__EXERCISE PROMPT__
Give the number of lines in the following entries that contain the word "lemma", with nothing added.

======== RECORDS FOR THIS EXERCISE

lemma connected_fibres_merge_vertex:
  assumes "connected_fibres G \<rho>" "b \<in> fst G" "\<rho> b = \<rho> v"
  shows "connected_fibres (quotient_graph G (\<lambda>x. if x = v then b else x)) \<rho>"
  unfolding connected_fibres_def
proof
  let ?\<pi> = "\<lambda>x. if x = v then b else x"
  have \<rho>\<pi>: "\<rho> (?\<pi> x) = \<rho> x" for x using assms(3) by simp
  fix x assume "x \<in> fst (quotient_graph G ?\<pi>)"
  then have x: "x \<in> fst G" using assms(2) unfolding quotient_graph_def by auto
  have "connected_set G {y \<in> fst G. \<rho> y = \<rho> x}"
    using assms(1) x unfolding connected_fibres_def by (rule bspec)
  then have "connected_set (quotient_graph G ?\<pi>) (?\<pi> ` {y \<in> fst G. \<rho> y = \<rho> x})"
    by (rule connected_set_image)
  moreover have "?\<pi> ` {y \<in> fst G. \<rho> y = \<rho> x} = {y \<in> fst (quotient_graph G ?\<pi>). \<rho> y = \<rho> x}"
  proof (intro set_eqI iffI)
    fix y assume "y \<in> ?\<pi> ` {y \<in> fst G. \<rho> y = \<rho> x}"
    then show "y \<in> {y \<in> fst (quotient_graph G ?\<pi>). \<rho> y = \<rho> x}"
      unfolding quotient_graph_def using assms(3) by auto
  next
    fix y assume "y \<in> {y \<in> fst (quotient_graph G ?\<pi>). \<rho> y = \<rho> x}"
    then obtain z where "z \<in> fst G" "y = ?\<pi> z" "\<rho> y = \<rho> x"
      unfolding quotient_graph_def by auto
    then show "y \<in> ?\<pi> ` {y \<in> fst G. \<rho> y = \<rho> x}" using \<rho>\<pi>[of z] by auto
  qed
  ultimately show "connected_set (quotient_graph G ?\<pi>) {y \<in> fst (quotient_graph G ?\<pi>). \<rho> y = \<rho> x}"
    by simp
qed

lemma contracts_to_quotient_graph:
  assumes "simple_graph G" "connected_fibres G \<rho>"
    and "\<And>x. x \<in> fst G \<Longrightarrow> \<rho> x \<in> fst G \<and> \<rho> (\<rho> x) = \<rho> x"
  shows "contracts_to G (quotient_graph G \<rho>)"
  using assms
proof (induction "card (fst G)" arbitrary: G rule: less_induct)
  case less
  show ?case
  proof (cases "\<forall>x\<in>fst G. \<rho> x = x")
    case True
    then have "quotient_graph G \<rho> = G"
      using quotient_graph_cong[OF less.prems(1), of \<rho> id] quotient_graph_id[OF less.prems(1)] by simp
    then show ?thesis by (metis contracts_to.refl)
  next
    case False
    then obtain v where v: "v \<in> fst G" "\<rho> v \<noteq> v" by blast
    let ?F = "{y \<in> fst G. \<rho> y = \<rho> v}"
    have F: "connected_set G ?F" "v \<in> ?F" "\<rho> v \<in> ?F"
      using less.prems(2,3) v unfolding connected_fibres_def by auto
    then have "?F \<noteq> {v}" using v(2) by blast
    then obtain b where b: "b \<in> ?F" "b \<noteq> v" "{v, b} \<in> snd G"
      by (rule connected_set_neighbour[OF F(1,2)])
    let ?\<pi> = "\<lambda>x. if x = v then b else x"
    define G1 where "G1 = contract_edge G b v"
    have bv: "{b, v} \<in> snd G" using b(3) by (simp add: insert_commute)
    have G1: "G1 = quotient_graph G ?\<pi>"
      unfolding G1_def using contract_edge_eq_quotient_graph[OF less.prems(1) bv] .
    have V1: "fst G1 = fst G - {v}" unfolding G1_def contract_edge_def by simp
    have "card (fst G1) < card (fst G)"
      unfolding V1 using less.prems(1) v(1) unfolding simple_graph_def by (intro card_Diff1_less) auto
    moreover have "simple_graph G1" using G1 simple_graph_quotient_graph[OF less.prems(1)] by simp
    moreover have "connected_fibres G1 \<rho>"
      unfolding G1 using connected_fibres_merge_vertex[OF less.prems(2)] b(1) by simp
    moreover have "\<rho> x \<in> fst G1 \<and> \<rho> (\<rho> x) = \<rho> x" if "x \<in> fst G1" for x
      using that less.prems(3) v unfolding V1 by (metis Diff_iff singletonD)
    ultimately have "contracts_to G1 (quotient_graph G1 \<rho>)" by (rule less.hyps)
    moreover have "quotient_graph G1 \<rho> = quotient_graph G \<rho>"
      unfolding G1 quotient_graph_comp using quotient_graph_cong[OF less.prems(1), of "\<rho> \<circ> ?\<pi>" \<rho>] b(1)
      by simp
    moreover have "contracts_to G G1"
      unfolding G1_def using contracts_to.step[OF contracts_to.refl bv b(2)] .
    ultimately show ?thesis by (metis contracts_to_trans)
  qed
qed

================

__WRITTEN REPLY__
2